Food Color Bans

mayet666 12 April, 2008 07:27 General, News, Current Events, Health Permalink Trackbacks (0)

I don't know why it takes Government so long to get with the program on certain issues. One of them is food color. As a mother of food sensitive hyperactive autistics,  I know what food colors can do. if you give my child green or red food color in cordials or other foods you can actually watch the physical and mental changes in them. Within 15 minutes a normal placid happy child will be a ranting running yelling jumping, climbing the walls tarzan on steroids.

Everyone knows this, even parents of non sensitive children, so why does it take "decades" as quoted in the following article to finally ban food colors due to the danger they present to children. The damage is done, we have a generation of children affected by these products. What about preservatives? Will they get banned now too or is that hoping too much in a modern day society that relies on these things to make it pretty and last longer?

Is the Government worried about a mass legal suit for all the citizens claiming that they knew full well, as they do and did that these products are dangerous to the human body and brain.

Is the toll on the health services getting too much. Is the government finally waking up and realizing how much control they have given up to companies like food producers and the drug companies?

13 billion dollar a year global industry in food additives alone. Can you imagine the impact all of that actually has had on health.

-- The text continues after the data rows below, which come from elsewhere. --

lemma (in prob_space) expectation_square_sum_indep:
  fixes V :: "'i \<Rightarrow> 'a \<Rightarrow> real"
  assumes "finite I" "indep_vars (\<lambda>_. borel) V I"
    and "\<And>i. i \<in> I \<Longrightarrow> integrable M (V i)"
    and "\<And>i. i \<in> I \<Longrightarrow> integrable M (\<lambda>\<omega>. (V i \<omega>)\<^sup>2)"
    and "\<And>i. i \<in> I \<Longrightarrow> expectation (V i) = 0"
  shows "integrable M (\<lambda>\<omega>. (\<Sum>i\<in>I. V i \<omega>)\<^sup>2) \<and>
    expectation (\<lambda>\<omega>. (\<Sum>i\<in>I. V i \<omega>)\<^sup>2) = (\<Sum>i\<in>I. expectation (\<lambda>\<omega>. (V i \<omega>)\<^sup>2))"
  using assms
proof (induction I rule: finite_induct)
  case empty
  then show ?case by simp
next
  case (insert y F)
  let ?S = "\<lambda>\<omega>. \<Sum>i\<in>F. V i \<omega>"
  note IH = insert.IH[OF indep_vars_subset[OF insert.prems(1) subset_insertI] insert.prems(2-4)]
  have iv: "indep_var borel (V y) borel ?S"
    by (rule indep_vars_sum[OF insert.hyps insert.prems(1)])
  have int: "integrable M (V y)" "integrable M ?S"
    using insert.prems(2) by auto
  have cross: "integrable M (\<lambda>\<omega>. V y \<omega> * ?S \<omega>)" "expectation (\<lambda>\<omega>. V y \<omega> * ?S \<omega>) = 0"
    using indep_var_integrable[OF iv int] indep_var_lebesgue_integral[OF iv int] insert.prems(4)
    by simp_all
  have sq: "(\<lambda>\<omega>. (\<Sum>i\<in>insert y F. V i \<omega>)\<^sup>2)
      = (\<lambda>\<omega>. (V y \<omega>)\<^sup>2 + 2 * (V y \<omega> * ?S \<omega>) + (?S \<omega>)\<^sup>2)"
    using insert.hyps by (auto simp: power2_sum)
  show ?case
    unfolding sq using insert.hyps insert.prems(3) cross IH by simp
qed

lemma (in prob_space) centered_distributed_moments:
  fixes Z :: "'a \<Rightarrow> real" and g \<phi> :: "real \<Rightarrow> real"
  assumes D: "distributed M lborel Z (\<lambda>t. ennreal (g t))" and g_nonneg: "\<And>t. 0 \<le> g t"
    and [measurable]: "\<phi> \<in> borel_measurable borel"
    and int1: "integrable lborel (\<lambda>t. g t * \<phi> t)"
    and int2: "integrable lborel (\<lambda>t. g t * (\<phi> t)\<^sup>2)"
  defines "V \<omega> \<equiv> \<phi> (Z \<omega>) - (LINT t|lborel. g t * \<phi> t)"
  shows "integrable M V" "expectation V = 0" "integrable M (\<lambda>\<omega>. (V \<omega>)\<^sup>2)"
    "expectation (\<lambda>\<omega>. (V \<omega>)\<^sup>2)
      = (LINT t|lborel. g t * (\<phi> t)\<^sup>2) - (LINT t|lborel. g t * \<phi> t)\<^sup>2"
proof -
  have g: "\<And>t. t \<in> space lborel \<Longrightarrow> 0 \<le> g t" using g_nonneg by simp
  have Z: "integrable M (\<lambda>\<omega>. \<phi> (Z \<omega>))" "integrable M (\<lambda>\<omega>. (\<phi> (Z \<omega>))\<^sup>2)"
    "expectation (\<lambda>\<omega>. \<phi> (Z \<omega>)) = (LINT t|lborel. g t * \<phi> t)"
    "expectation (\<lambda>\<omega>. (\<phi> (Z \<omega>))\<^sup>2) = (LINT t|lborel. g t * (\<phi> t)\<^sup>2)"
    using distributed_integrable[OF D _ g, of \<phi>] distributed_integrable[OF D _ g, of "\<lambda>t. (\<phi> t)\<^sup>2"]
      distributed_integral[OF D _ g, of \<phi>] distributed_integral[OF D _ g, of "\<lambda>t. (\<phi> t)\<^sup>2"]
      int1 int2
    by simp_all
  have sq: "(\<lambda>\<omega>. (V \<omega>)\<^sup>2) = (\<lambda>\<omega>. (\<phi> (Z \<omega>))\<^sup>2
      - 2 * (LINT t|lborel. g t * \<phi> t) * \<phi> (Z \<omega>) + (LINT t|lborel. g t * \<phi> t)\<^sup>2)"
    unfolding V_def by (auto simp: power2_diff)
  show "integrable M V" "expectation V = 0"
    unfolding V_def[abs_def] using Z by (simp_all add: prob_space)
  show "integrable M (\<lambda>\<omega>. (V \<omega>)\<^sup>2)"
    "expectation (\<lambda>\<omega>. (V \<omega>)\<^sup>2)
      = (LINT t|lborel. g t * (\<phi> t)\<^sup>2) - (LINT t|lborel. g t * \<phi> t)\<^sup>2"
    unfolding sq using Z by (simp_all add: prob_space power2_eq_square)
qed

That is not just the ADHD kids, How about auto immune diseases, arthritis, MS and other chronic diseases that aare ascerbated by theese products that harm not help the human body. 

http://www.independent.co.uk

Food agency calls for ban on six artificial colours

Friday, April 11, 2008

Food regulators moved to ban artificial additives from hundreds of products yesterday, three decades after parents began complaining that their children suffered mood swings after consuming brightly coloured sweets, cakes and drinks.

The Food Standards Agency recommended ministers call for manufacturers to remove six artificial colours by the end of 2009 and lobby for a European Union-wide ban. The FSA's advice to parents will be strengthened to warn them about the dangers of the E-numbers tartrazine (E102), quinoline yellow (E104), sunset yellow (E110), carmoisine (E122), ponceau 4R (E124) and allura red (E129).

These colours and the preservative sodium benzoate (E211) were linked to hyperactivity in a £750,000 study by Southampton University, which found they made primary school children become distracted and fail a computer attention test.

The researchers estimated that 30 per cent of cases of attention deficit hyperactivity disorder (ADHD) would be prevented if companies removed the colours used in the £13bn-a-year global additives industry.